His sudden death in the line of duty brings widespread sorrow to Webster City, for he probably had more friends here than any young man of his age. His death brings to a close a promising naval career.

Source: Daily Freeman Journal, Webster City, IA, August 3, 1940


Body of Lieut. Alexander Groves Arrives From Florida.

The body of Lieut. Alexander Groves, who was killed when his naval training plane crashed Friday at Pensacola, Fla., has been taken to the home of his parents, Mr. and Mrs. Ralph Groves northwest of here.

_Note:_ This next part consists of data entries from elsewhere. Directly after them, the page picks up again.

(* For K(w) = p = +-1 the choice x = -pq, y = pr clears the off-diagonal entries. *)
lemma ex_lambda_quiddity_Cons_snoc_iff:
  "(\<exists>x y. lambda_quiddity (x # w @ [y])) \<longleftrightarrow> continuant w \<in> {1, -1}"
proof -
  obtain p q r s where M: "Mquid w = (p, q, r, s)"
    by (cases "Mquid w") auto
  have frame: "Mquid (x # w @ [y]) = mmul2 (elem_mat y) (mmul2 (p, q, r, s) (elem_mat x))" for x y
    by (simp add: Mquid_Cons mmul2_assoc M)
  have "p \<in> {1, -1}" if "lambda_quiddity (x # w @ [y])" for x y
    using that frame[of x y]
    by (auto simp: lambda_quiddity_def id2_def neg_id2_def elem_mat_def minus_equation_iff)
  moreover have "lambda_quiddity (- p * q # w @ [p * r])" if p: "p \<in> {1, -1}"
  proof -
    have pp: "p * p = 1"
      using p by auto
    have "p * (p * s - q * r) = p"
      using det_Mquid[OF M] by simp
    then have s: "s = p + p * q * r"
      using pp by (simp add: right_diff_distrib diff_eq_eq flip: mult.assoc)
    have "p * (p * q) = q" "p * (p * r) = r"
      using pp by (simp_all flip: mult.assoc)
    then have "Mquid (- p * q # w @ [p * r]) = (- p, 0, 0, - p)"
      by (simp add: frame elem_mat_def s algebra_simps)
    then show ?thesis
      using p by (auto simp: lambda_quiddity_def id2_def neg_id2_def)
  qed
  ultimately show ?thesis
    using M by (auto simp: continuant_def)
qed

lemma length_quid_equiv: "quid_equiv xs ys \<Longrightarrow> length ys = length xs"
  by (auto simp: quid_equiv_def)

lemma quid_sum_Cons_snoc:
  "quid_sum (a # as @ [a']) (b # bs @ [b']) = ((a + b') # as @ [a' + b]) @ bs"
  by (simp add: quid_sum_def)

lemma Cons_snoc_cases:
  assumes "2 \<le> length xs"
  obtains x ys y where "xs = x # ys @ [y]"
proof (cases xs)
  case (Cons x xs')
  with assms have "xs' = butlast xs' @ [last xs']"
    by (cases xs' rule: rev_cases) auto
  with Cons that show ?thesis
    by blast
qed (use assms in simp)

lemma reducible_quid_iff_unit_continuant:
  assumes "lambda_quiddity cs"
  shows "reducible_quid cs \<longleftrightarrow>
    (\<exists>v w. quid_equiv cs (v @ w) \<and> 3 \<le> length v \<and> w \<noteq> [] \<and> continuant w \<in> {1, -1})"
  (is "_ \<longleftrightarrow> ?split")
proof
  assume "reducible_quid cs"
  then obtain as bs where as: "3 \<le> length as" and bs: "3 \<le> length bs" "lambda_quiddity bs"
    and equiv: "quid_equiv cs (quid_sum as bs)"
    unfolding reducible_quid_def by blast
  obtain a mid a' where as_eq: "as = a # mid @ [a']"
    using Cons_snoc_cases[of as] as by force
  obtain x w y where bs_eq: "bs = x # w @ [y]"
    using Cons_snoc_cases[of bs] bs by force
  have "quid_equiv cs (((a + y) # mid @ [a' + x]) @ w)"
    using equiv by (simp add: as_eq bs_eq quid_sum_Cons_snoc)
  moreover have "3 \<le> length ((a + y) # mid @ [a' + x])"
    using as by (simp add: as_eq)
  moreover have "w \<noteq> []"
    using bs(1) unfolding bs_eq by auto
  moreover have "continuant w \<in> {1, -1}"
    using bs(2) ex_lambda_quiddity_Cons_snoc_iff[of w] unfolding bs_eq by blast
  ultimately show ?split
    by blast
next
  assume ?split
  then obtain v w where equiv: "quid_equiv cs (v @ w)" and v: "3 \<le> length v" and w: "w \<noteq> []"
    and unit: "continuant w \<in> {1, -1}"
    by blast
  obtain x y where bs: "lambda_quiddity (x # w @ [y])"
    using unit ex_lambda_quiddity_Cons_snoc_iff by blast
  obtain a mid a' where v_eq: "v = a # mid @ [a']"
    using Cons_snoc_cases[of v] v by force
  have "quid_sum ((a - y) # mid @ [a' - x]) (x # w @ [y]) = v @ w"
    by (simp add: v_eq quid_sum_Cons_snoc)
  moreover have "3 \<le> length ((a - y) # mid @ [a' - x])"
    using v by (simp add: v_eq)
  moreover have "3 \<le> length (x # w @ [y])"
    using w by (cases w) simp_all
  moreover have "3 \<le> length cs"
    using length_quid_equiv[OF equiv] v by simp
  ultimately show "reducible_quid cs"
    unfolding reducible_quid_def using assms equiv bs by metis
qed
text \<open>A closed invariant relation \<open>R\<close> inside an open set \<open>U\<close> has a neighbourhood that the
  whole group keeps inside \<open>U\<close>: Wallace's theorem gives an entourage \<open>E\<close> with
  \<open>E\<inverse> O R O E \<subseteq> U\<close>, and equicontinuity makes \<open>E\<close> uniform in \<open>g\<close>.\<close>
lemma invariant_relation_uniform_nbhd:
  assumes R: "closedin (prod_topology X X) R" "\<And>g x y. (x, y) \<in> R \<Longrightarrow> (act g x, act g y) \<in> R"
    and U: "openin (prod_topology X X) U" "R \<subseteq> U"
  obtains N where "openin (prod_topology X X) N" "R \<subseteq> N"
    "\<And>g x y. (x, y) \<in> N \<Longrightarrow> (act g x, act g y) \<in> U"
proof -
  let ?XX = "prod_topology X X"
  let ?\<Delta> = "(\<lambda>x. (x, x)) ` topspace X"
  let ?B = "{w \<in> topspace (prod_topology ?XX ?XX). transpose_pairs w \<in> R \<times> (topspace ?XX - U)}"
  have "closedin (prod_topology ?XX ?XX) ?B"
    using R(1) U(1)
    by (intro closedin_continuous_map_preimage[OF continuous_map_transpose_pairs])
      (simp add: closedin_prod_Times_iff closedin_diff)
  then have W: "openin (prod_topology ?XX ?XX) (topspace (prod_topology ?XX ?XX) - ?B)"
    by (rule openin_diff[OF openin_topspace])
  have \<Delta>: "compactin ?XX ?\<Delta>"
    by (rule image_compactin[OF compact[unfolded compact_space_def]]) (intro continuous_intros)
  have "?\<Delta> \<times> ?\<Delta> \<subseteq> topspace (prod_topology ?XX ?XX) - ?B"
    using U(2) by auto
  then obtain A B where AB: "openin ?XX A" "openin ?XX B" "?\<Delta> \<subseteq> A" "?\<Delta> \<subseteq> B"
    "A \<times> B \<subseteq> topspace (prod_topology ?XX ?XX) - ?B"
    by (rule Wallace_theorem_prod_topology[OF \<Delta> \<Delta> W])
  then have "entourage X (A \<inter> B)"
    unfolding entourage_def by (auto intro: openin_Int)
  then obtain V where V: "entourage X V"
    and VAB: "\<And>g x y. (x, y) \<in> V \<Longrightarrow> (act g x, act g y) \<in> A \<inter> B"
    using equicontinuous_actionE[OF equicontinuous] by blast
  let ?slice = "\<lambda>x. {y \<in> topspace X. (x, y) \<in> V}"
  let ?N = "\<Union>(x, y) \<in> R. ?slice x \<times> ?slice y"
  have slice: "openin X (?slice x)" if "x \<in> topspace X" for x
    using V that unfolding entourage_def
    by (intro openin_continuous_map_preimage[where Y="?XX"]) (auto intro!: continuous_intros)
  show thesis
  proof
    show "openin ?XX ?N"
      using closedin_subset[OF R(1)] slice by (auto simp: openin_prod_Times_iff intro!: openin_Union)
    show "R \<subseteq> ?N"
      using closedin_subset[OF R(1)] V unfolding entourage_def by fastforce
    fix g x' y' assume "(x', y') \<in> ?N"
    then obtain x y where xy: "(x, y) \<in> R" "(x, x') \<in> V" "(y, y') \<in> V"
      by blast
    then have "((act g x, act g x'), (act g y, act g y')) \<in> A \<times> B"
      using VAB by blast
    then have "((act g x, act g x'), (act g y, act g y')) \<in> topspace (prod_topology ?XX ?XX) - ?B"
      by (rule subsetD[OF AB(5)])
    moreover have "(act g x, act g y) \<in> R"
      using R(2) xy(1) by blast
    ultimately show "(act g x', act g y') \<in> U"
      by auto
  qed
qed
(* In the setting of the context, the Cauchy problem \[ \partial_tu_k(x,t)+a(x)\cdot\nabla u_k(x,t)=\mathcal{J}u_k(x,t)\ \ (x\in\Sigma,\ t>0),\qquad u_k(x,0)=x_k\ \ (x\in\Sigma),\qquad k=1,\dots,D, \] has a unique global mild solution $u\in\mathcal{C}(\Sigma\times[0,+\infty);\mathbb{R}^D)$.
   Context: $D\ge1$, $\Sigma=\{x=(x_1,\dots,x_D)\in\mathbb{R}^D: x_k\ge0,\ \sum_{k=1}^Dx_k\le1\}$, and for $x\in\Sigma$ set $x_0=1-\sum_{k=1}^Dx_k$. Let $f_0,\dots,f_D:\Sigma\to[0,\infty)$ be Lipschitz continuous, $\bar f(x)=\sum_{k=0}^Dx_kf_k(x)$, $a=(a_1,\dots,a_D)$ with $a_k(x)=-(f_k(x)-\bar f(x))x_k$. Constants $\lambda_{ij}>0$, $\gamma_{ij}\in(0,1]$ are given for $i\ne j$ in $\{0,\dots,D\}$, and for continuous $\phi:\Sigma\to\mathbb{R}$ \[ \mathcal{J}\phi(x)=\sum_{\substack{i,j=1\\ i\neq j}}^D\lambda_{ij}f_i(x)[\phi(x+\gamma_{ij}x_i(e_j-e_i))-\phi(x)]+\sum_{i=1}^D\lambda_{i0}f_i(x)[\phi(x-\gamma_{i0}x_ie_i)-\phi(x)]+\sum_{j=1}^D\lambda_{0j}f_0(x)[\phi(x+\gamma_{0j}x_0e_j)-\phi(x)], \] $e_j$ the standard unit vectors of $\mathbb{R}^D$. Let $Y(x,t)$ denote the solution at time $t\in\mathbb{R}$ of $\dot y=a(y)$, $y(0)=x$ (this flow maps $\Sigma$ into itself). A mild solution on $[0,T)$ is a function $u\in\mathcal{C}(\Sigma\times[0,T);\mathbb{R}^D)$ satisfying, for $k=1,\dots,D$, \[ u_k(x,t)=Y_k(x,-t)+\int_0^t\mathcal{J}u_k(Y(x,s-t),s)\,ds. \] *)

theory Defs
  imports "HOL-Analysis.Analysis"
begin

text \<open>Points of the Simplex live in real^'n with D = CARD('n) \<ge> 1.
  The index set {0,...,D} is represented by 'n option, with None standing for 0.
  The standard unit vector e_j is axis j 1.\<close>

definition Simplex :: "(real ^ 'n::finite) set" where
  "Simplex = {x. (\<forall>k. 0 \<le> x $ k) \<and> (\<Sum>k\<in>UNIV. x $ k) \<le> 1}"

definition coord0 :: "real ^ 'n::finite \<Rightarrow> real" where
  "coord0 x = 1 - (\<Sum>k\<in>UNIV. x $ k)"

definition fbar :: "(real ^ 'n \<Rightarrow> real) \<Rightarrow> ('n \<Rightarrow> real ^ 'n \<Rightarrow> real) \<Rightarrow> real ^ 'n::finite \<Rightarrow> real" where
  "fbar f0 f x = coord0 x * f0 x + (\<Sum>k\<in>UNIV. x $ k * f k x)"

The body arrived this morning and was accompanied by Lieutenant Groves sister, Miss Caroline, who had been visiting at Pensacola, and by a naval escort, Lieut. W. A. H. Howland.

The funeral will be tomorrow at 10 a.m. at the Foster funeral home with Dr. Effie McCollum Jones officiating. Burial will be made in Graceland cemetery.

Lieutenant Howland was a classmate of the Webster City man when they were enrolled at the naval academy at Annapolis. Two other classmates arrived here this afternoon for the funeral. They are Lieuts. H. H. Barton and C. R. Doerflinger. All are stationed at Pensacola.